Ray Charron, product sales specialist with Optech adds, “Particle size and color can have an influence on the ability of the laser energy to penetrate dust. Vapors with coarser particles are usually more easily penetrated than vapors with fine particles. Darker particles are typically less reflective, and are easier to penetrate than lighter particles that tend to reflect the laser energy.”

Also, the intensity of the reflected light and its color can affect the level measurement, so compensation for color is often necessary to accurately measure level. This is especially important for high-temperature applications, such as molten steel, where the color and appearance of the metal can change in a matter of minutes.

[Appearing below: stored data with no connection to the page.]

(* Exposed slopes near x: if t x - eta t <= L for all t, the maximiser t0 of the penalised function
   t x - eta t - delta t^2 has eta'(t0) within r of x, and tilting at t0 costs at most L. *)
lemma exposed_slope_near:
  fixes \<eta> :: "real \<Rightarrow> real"
  assumes diff: "\<And>t. \<eta> differentiable (at t)" and "\<eta> 0 = 0"
    and bound: "\<And>t. t * x - \<eta> t \<le> L" and "0 < r"
  obtains t0 y where "(\<eta> has_real_derivative y) (at t0)" and "\<bar>y - x\<bar> < r"
    and "- L \<le> \<eta> t0 - t0 * y"
proof -
  have "0 \<le> L" using bound[of 0] \<open>\<eta> 0 = 0\<close> by simp
  define \<delta> where "\<delta> = r\<^sup>2 / (4 * (L + 1))"
  have "0 < \<delta>" using \<open>0 < r\<close> \<open>0 \<le> L\<close> by (simp add: \<delta>_def)
  define R where "R = sqrt ((L + 1) / \<delta>)"
  have "0 < R" and R2: "\<delta> * R\<^sup>2 = L + 1" using \<open>0 < \<delta>\<close> \<open>0 \<le> L\<close> by (simp_all add: R_def)
  define h where "h t = t * x - \<eta> t - \<delta> * t\<^sup>2" for t
  have penalised: "h t \<le> L - \<delta> * t\<^sup>2" for t using bound[of t] by (simp add: h_def)
  have "continuous_on A \<eta>" for A
    using diff by (intro continuous_at_imp_continuous_on ballI differentiable_imp_continuous_within)
  then have "continuous_on {-R..R} h" unfolding h_def by (intro continuous_intros)
  moreover have "h t < h 0" if "R \<le> \<bar>t\<bar>" for t
  proof -
    have "R\<^sup>2 \<le> t\<^sup>2" using that \<open>0 < R\<close> by (simp add: abs_le_square_iff[symmetric])
    then have "\<delta> * R\<^sup>2 \<le> \<delta> * t\<^sup>2" using \<open>0 < \<delta>\<close> by simp
    then show ?thesis using R2 penalised[of t] \<open>\<eta> 0 = 0\<close> by (simp add: h_def)
  qed
  ultimately obtain t0 where "\<bar>t0\<bar> < R" and "h 0 \<le> h t0"
    and local_max: "\<And>t. \<bar>t0 - t\<bar> < R - \<bar>t0\<bar> \<Longrightarrow> h t \<le> h t0"
    using interior_maximum[OF _ \<open>0 < R\<close>] by blast
  have penalty: "\<delta> * t0\<^sup>2 \<le> L" using \<open>h 0 \<le> h t0\<close> penalised[of t0] \<open>\<eta> 0 = 0\<close> by (simp add: h_def)
  obtain y where y: "(\<eta> has_real_derivative y) (at t0)"
    using diff[of t0] by (auto simp: real_differentiable_def)
  have "(h has_real_derivative (x - y - \<delta> * (2 * t0))) (at t0)"
    unfolding h_def by (auto intro!: derivative_eq_intros y)
  then have "x - y - \<delta> * (2 * t0) = 0"
    using \<open>\<bar>t0\<bar> < R\<close> local_max by (intro DERIV_local_max[where d = "R - \<bar>t0\<bar>"]) auto
  then have y_eq: "y = x - 2 * \<delta> * t0" by simp
  have "\<bar>y - x\<bar>\<^sup>2 = 4 * \<delta> * (\<delta> * t0\<^sup>2)" by (simp add: y_eq power2_eq_square)
  also have "\<dots> < 4 * \<delta> * (L + 1)" using penalty \<open>0 < \<delta>\<close> by simp
  also have "\<dots> = r\<^sup>2"
    unfolding \<delta>_def using \<open>0 \<le> L\<close> by (simp add: field_simps)
  finally have "\<bar>y - x\<bar>\<^sup>2 < r\<^sup>2" .
  then have close: "\<bar>y - x\<bar> < r" using power_less_imp_less_base \<open>0 < r\<close> by fastforce
  have "\<eta> t0 - t0 * y = - (t0 * x - \<eta> t0) + 2 * (\<delta> * t0\<^sup>2)"
    by (simp add: y_eq power2_eq_square algebra_simps)
  moreover have "0 \<le> \<delta> * t0\<^sup>2" using \<open>0 < \<delta>\<close> by simp
  ultimately have "- L \<le> \<eta> t0 - t0 * y" using bound[of t0] by linarith
  with y close show ?thesis by (rule that)
qed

Laser energy typically doesn’t penetrate foam to measure the level of the liquid. This may be a disadvantage when liquid level is desired, but in some applications require measuring of the level of the foam. Charron adds that laser measurements generally benefit from diffusion on the material surface, and that surfaces that reflect too much laser energy can saturate the receiver.

Ivo Radanov, laser level product manager at K-Tek points out, “Laser light energy is scattered from the material surface in all directions. This means that laser level measurements are independent of the angle of the material encountered by the laser beam because part of the scattered reflection will return to the sensor.”

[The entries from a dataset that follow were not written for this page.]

lemma zero_exists:
  assumes "norm y < r" "norm (z - X) < r" "\<rho> < r"
    and small: "norm a020 * norm y ^ 2 + norm a001 * norm (z - X) + C * (\<rho> + norm y ^ 2 + norm (z - X))\<^sup>2
      \<le> norm a100 * \<rho>"
  obtains x where "norm (x - L) \<le> \<rho>" "E x y z = 0"
proof -
  let ?T = "\<lambda>w. w - E w y z / a100"
  have "0 \<le> norm a020 * norm y ^ 2 + norm a001 * norm (z - X) + C * (\<rho> + norm y ^ 2 + norm (z - X))\<^sup>2"
    using C_nonneg by simp
  with small have "0 \<le> norm a100 * \<rho>"
    by linarith
  then have "0 \<le> \<rho>"
    using a100_nonzero by (simp add: zero_le_mult_iff)
  have sub: "cball L \<rho> \<subseteq> ball L r"
    using \<open>\<rho> < r\<close> by auto
  then have in_r: "norm (w - L) < r" if "w \<in> cball L \<rho>" for w
    using that by (auto simp: dist_norm norm_minus_commute)
  have "?T \<in> cball L \<rho> \<rightarrow> cball L \<rho>"
  proof
    fix w assume w: "w \<in> cball L \<rho>"
    define rem where "rem = E w y z - (a100 * (w - L) + a020 * y\<^sup>2 + a001 * (z - X))"
    have "norm (w - L) \<le> \<rho>"
      using w by (auto simp: dist_norm norm_minus_commute)
    then have "norm rem \<le> C * (\<rho> + norm y ^ 2 + norm (z - X))\<^sup>2"
      unfolding rem_def using in_r[OF w] assms(1,2) by (intro expansion_le) auto
    then have "norm (a020 * y\<^sup>2 + a001 * (z - X) + rem) \<le> norm a100 * \<rho>"
      using small norm_triangle_ineq[of "a020 * y\<^sup>2 + a001 * (z - X)" rem]
        norm_triangle_ineq[of "a020 * y\<^sup>2" "a001 * (z - X)"]
      by (simp add: norm_mult norm_power)
    moreover have "L - ?T w = (a020 * y\<^sup>2 + a001 * (z - X) + rem) / a100"
      using a100_nonzero by (simp add: rem_def field_simps)
    ultimately show "?T w \<in> cball L \<rho>"
      using a100_nonzero by (simp add: dist_norm norm_divide divide_le_eq mult.commute)
  qed
  moreover have "continuous_on (cball L \<rho>) ?T"
    using a100_nonzero assms(1,2)
    by (intro continuous_intros holomorphic_on_imp_continuous_on holomorphic_in_x[OF sub]) auto
  ultimately obtain x where "x \<in> cball L \<rho>" "?T x = x"
    using brouwer[of "cball L \<rho>" ?T] \<open>0 \<le> \<rho>\<close> by auto
  with a100_nonzero show ?thesis
    by (intro that) (auto simp: dist_norm norm_minus_commute)
qed

lemma zero_exists_within:
  assumes "norm y < r" and K: "norm a020 + norm a001 \<le> norm a100 * (K - 1)"
    and "K * (norm y ^ 2 + norm (z - X)) < r" "C * (K + 1)\<^sup>2 * (norm y ^ 2 + norm (z - X)) \<le> norm a100"
  obtains x where "norm (x - L) \<le> K * (norm y ^ 2 + norm (z - X))" "E x y z = 0"
proof -
  define \<sigma> where "\<sigma> = norm y ^ 2 + norm (z - X)"
  have "0 \<le> \<sigma>"
    by (simp add: \<sigma>_def)
  have "0 \<le> norm a100 * (K - 1)"
    using K norm_ge_zero[of a020] norm_ge_zero[of a001] by linarith
  then have "1 \<le> K"
    using a100_nonzero by (simp add: zero_le_mult_iff)
  then have "\<sigma> \<le> K * \<sigma>"
    using mult_right_mono[OF \<open>1 \<le> K\<close> \<open>0 \<le> \<sigma>\<close>] by simp
  then have "norm (z - X) < r"
    using assms(3) zero_le_power2[of "norm y"] unfolding \<sigma>_def by linarith
  have "norm a020 * norm y ^ 2 + norm a001 * norm (z - X) \<le> (norm a020 + norm a001) * \<sigma>"
    by (simp add: \<sigma>_def algebra_simps mult_left_mono)
  also have "\<dots> \<le> norm a100 * (K - 1) * \<sigma>"
    using K \<open>0 \<le> \<sigma>\<close> by (rule mult_right_mono)
  finally have linear: "norm a020 * norm y ^ 2 + norm a001 * norm (z - X) \<le> norm a100 * (K - 1) * \<sigma>" .
  have "C * (K * \<sigma> + \<sigma>)\<^sup>2 = (C * (K + 1)\<^sup>2 * \<sigma>) * \<sigma>"
    by (simp add: power2_eq_square algebra_simps)
  also have "\<dots> \<le> norm a100 * \<sigma>"
    using assms(4) \<open>0 \<le> \<sigma>\<close> by (simp add: \<sigma>_def mult_right_mono)
  finally have "C * (K * \<sigma> + \<sigma>)\<^sup>2 \<le> norm a100 * \<sigma>" .
  moreover have "norm a100 * (K - 1) * \<sigma> + norm a100 * \<sigma> = norm a100 * (K * \<sigma>)"
    by (simp add: algebra_simps)
  moreover have "K * \<sigma> + norm y ^ 2 + norm (z - X) = K * \<sigma> + \<sigma>"
    by (simp add: \<sigma>_def)
  ultimately have "norm a020 * norm y ^ 2 + norm a001 * norm (z - X)
      + C * (K * \<sigma> + norm y ^ 2 + norm (z - X))\<^sup>2 \<le> norm a100 * (K * \<sigma>)"
    using linear by (simp only:)
  moreover have "K * \<sigma> < r"
    using assms(3) by (simp add: \<sigma>_def)
  ultimately obtain x where "norm (x - L) \<le> K * \<sigma>" "E x y z = 0"
    using zero_exists[OF \<open>norm y < r\<close> \<open>norm (z - X) < r\<close>] by blast
  then show ?thesis
    by (intro that) (simp_all add: \<sigma>_def)
qed

lemma zero_exists_near:
  obtains K m where "0 \<le> K" "0 < m"
    "\<And>y z. norm y < r \<Longrightarrow> norm y ^ 2 + norm (z - X) < m \<Longrightarrow>
      \<exists>x. norm (x - L) \<le> K * (norm y ^ 2 + norm (z - X)) \<and> E x y z = 0"
proof -
  define K where "K = (norm a020 + norm a001) / norm a100 + 1"
  have K: "norm a020 + norm a001 \<le> norm a100 * (K - 1)"
    using a100_nonzero by (simp add: K_def)
  have "\<forall>\<^sub>F m in at_right 0. K * m < r \<and> (C * (K + 1)\<^sup>2) * m < norm a100"
    using r_pos a100_nonzero by (intro eventually_conj eventually_mult_less_at_right_0) auto
  then obtain m where "0 < m" "K * m < r" "C * (K + 1)\<^sup>2 * m < norm a100"
    by (rule eventually_at_right_0_obtain) auto
  show ?thesis
  proof (rule that[OF _ \<open>0 < m\<close>])
    show "0 \<le> K"
      by (simp add: K_def)
    fix y z :: complex assume y: "norm y < r" and small: "norm y ^ 2 + norm (z - X) < m"
    have "K * (norm y ^ 2 + norm (z - X)) \<le> K * m"
      "C * (K + 1)\<^sup>2 * (norm y ^ 2 + norm (z - X)) \<le> C * (K + 1)\<^sup>2 * m"
      using small C_nonneg by (intro mult_left_mono; simp add: K_def)+
    then have "K * (norm y ^ 2 + norm (z - X)) < r" "C * (K + 1)\<^sup>2 * (norm y ^ 2 + norm (z - X)) \<le> norm a100"
      using \<open>K * m < r\<close> \<open>C * (K + 1)\<^sup>2 * m < norm a100\<close> by linarith+
    then obtain x where "norm (x - L) \<le> K * (norm y ^ 2 + norm (z - X))" "E x y z = 0"
      by (rule zero_exists_within[OF y K])
    then show "\<exists>x. norm (x - L) \<le> K * (norm y ^ 2 + norm (z - X)) \<and> E x y z = 0"
      by blast
  qed
qed

lemma zeros_lipschitz_in_z:
  assumes "0 < s" "2 * s < r" "32 * C * s \<le> norm a100"
    and x0: "norm (x0 - L) \<le> s" "E x0 0 z0 = 0" and x1: "norm (x1 - L) \<le> s" "E x1 0 z1 = 0"
    and "norm (z0 - X) \<le> s" "norm (z1 - X) \<le> s"
  shows "norm (x1 - x0) \<le> 2 * (norm a001 + 9 * C * s) / norm a100 * norm (z1 - z0)"
proof -
  have "norm (- E x1 0 z0 - a001 * (z1 - z0)) \<le> 9 * C * s * norm (z1 - z0)"
    using lipschitz_in_z[of s x1 z0 z1] assms by simp
  then have "norm (E x1 0 z0) \<le> 9 * C * s * norm (z1 - z0) + norm a001 * norm (z1 - z0)"
    using norm_triangle_ineq[of "- E x1 0 z0 - a001 * (z1 - z0)" "a001 * (z1 - z0)"]
    by (simp add: norm_mult)
  moreover have "norm (a100 * (x1 - x0)) \<le> norm (E x1 0 z0) + 16 * C * s * norm (x1 - x0)"
    using lipschitz_in_x[of s 0 z0 x0 x1] assms norm_triangle_ineq4[of "E x1 0 z0" "E x1 0 z0 - a100 * (x1 - x0)"]
    by simp
  moreover have "16 * C * s * norm (x1 - x0) \<le> norm a100 / 2 * norm (x1 - x0)"
    using assms(3) by (intro mult_right_mono) auto
  ultimately have "norm a100 / 2 * norm (x1 - x0) \<le> (norm a001 + 9 * C * s) * norm (z1 - z0)"
    unfolding norm_mult distrib_right by linarith
  with a100_nonzero show ?thesis
    by (simp add: field_simps)
qed

lemma zero_branch_field_differentiable:
  assumes "0 < s" "2 * s < r" "32 * C * s \<le> norm a100" "open S" "z0 \<in> S"
    and h: "\<And>z. z \<in> S \<Longrightarrow> norm (h z - L) \<le> s \<and> norm (z - X) \<le> s \<and> E (h z) 0 z = 0"
  shows "h field_differentiable at z0"
proof -
  obtain A B G where A: "((\<lambda>(x, y, z). E x y z) has_derivative (\<lambda>(u, v, w). A * u + B * v + G * w))
      (at (h z0, 0, z0))"
    using differentiable[of "h z0" 0 z0] h[OF \<open>z0 \<in> S\<close>] assms(1,2) by auto
  have "(h has_field_derivative - G / A) (at z0)"
  proof (rule implicit_has_field_derivative[of "\<lambda>x z. E x 0 z" A G h z0 S, OF has_derivative_y0_slice[OF A]])
    have "deriv (\<lambda>x. E x 0 z0) (h z0) = A"
      using has_field_derivative_partials(1)[OF A] by (rule DERIV_imp_deriv)
    then have "norm (A - a100) \<le> norm a100 / 2"
      using deriv_in_x_close[of s 0 z0 "h z0"] h[OF \<open>z0 \<in> S\<close>] assms by simp
    then show "A \<noteq> 0"
      using a100_nonzero by auto
    show "norm (h z - h z0) \<le> 2 * (norm a001 + 9 * C * s) / norm a100 * norm (z - z0)" if "z \<in> S" for z
      using zeros_lipschitz_in_z[of s "h z0" z0 "h z" z] h[OF that] h[OF \<open>z0 \<in> S\<close>] assms by blast
  qed (use h assms in auto)
  then show ?thesis
    by (auto simp: field_differentiable_def)
qed

lemma implicit_zero_branch:
  assumes "0 < s" "2 * s < r" "32 * C * s \<le> norm a100"
  obtains \<rho> h where "0 < \<rho>" "h holomorphic_on ball X \<rho>"
    "\<And>z. z \<in> ball X \<rho> \<Longrightarrow> norm (h z - L) \<le> s \<and> E (h z) 0 z = 0"
proof -
  have "\<forall>\<^sub>F \<rho> in at_right 0. 1 * \<rho> < s \<and> norm a001 * \<rho> < norm a100 * s / 2"
    using assms a100_nonzero by (intro eventually_conj eventually_mult_less_at_right_0) auto
  then obtain \<rho> where "0 < \<rho>" "\<rho> < s" and \<rho>_small: "norm a001 * \<rho> < norm a100 * s / 2"
    by (rule eventually_at_right_0_obtain) auto
  have zero: "\<exists>x. norm (x - L) \<le> s \<and> E x 0 z = 0" if "z \<in> ball X \<rho>" for z
  proof -
    have z: "norm (z - X) < \<rho>"
      using that by (simp add: dist_norm norm_minus_commute)
    then have "norm a001 * norm (z - X) \<le> norm a001 * \<rho>"
      by (intro mult_left_mono) auto
    with \<rho>_small have "norm a001 * norm (z - X) \<le> norm a100 * s / 2"
      by linarith
    moreover have "C * (s + norm (z - X))\<^sup>2 \<le> C * (2 * s)\<^sup>2"
      using z \<open>\<rho> < s\<close> \<open>0 < s\<close> C_nonneg by (intro mult_left_mono power_mono) auto
    moreover have "C * (2 * s)\<^sup>2 \<le> norm a100 * s / 2"
      using assms(1,3) mult_nonneg_nonneg[OF C_nonneg, of s] by (simp add: power2_eq_square algebra_simps)
    ultimately show ?thesis
      using zero_exists[of 0 z s] z assms \<open>\<rho> < s\<close> by fastforce
  qed
  define h where "h z = (SOME x. norm (x - L) \<le> s \<and> E x 0 z = 0)" for z
  have h: "norm (h z - L) \<le> s \<and> E (h z) 0 z = 0" if "z \<in> ball X \<rho>" for z
    unfolding h_def using someI_ex[OF zero[OF that]] .
  moreover have "norm (z - X) \<le> s" if "z \<in> ball X \<rho>" for z
    using that \<open>\<rho> < s\<close> by (simp add: dist_norm norm_minus_commute)
  ultimately have "h field_differentiable at z0" if "z0 \<in> ball X \<rho>" for z0
    using that assms by (intro zero_branch_field_differentiable[of s "ball X \<rho>"]) auto
  then have "h holomorphic_on ball X \<rho>"
    by (simp add: holomorphic_on_def field_differentiable_at_within)
  with \<open>0 < \<rho>\<close> h show ?thesis
    by (intro that)
qed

In some applications, this scattering will completely defeat the measurement method. Radanov adds, “This is particularly important in solids applications where the material surface usually isn’t perpendicular to the energy beam and provides an advantage over other non-contact technologies that use energy that can be reflected away from the sensor measuring the reflected energy.”

Laser-level transmitters can be sensitive to the reflectivity of the material. This concept is closely related to the material color because different color materials reflect different amounts and different frequencies of light. Radanov mentions that some laser level transmitters are designed to compensate for these differences. 

Evert Pol, preventive predictive maintenance and reliability engineer, Dow Chemical Company (Temeuzen, Netherlands) uses several laser-measurement systems for granular materials. “These instruments work well, after start-up problems, and are versatile in that they can measure from the top to the bottom of the silo.” Pol warns other end-users, “Be careful to consider a dirt protection tube that addresses the presence of dust that can hamper laser level measurements.”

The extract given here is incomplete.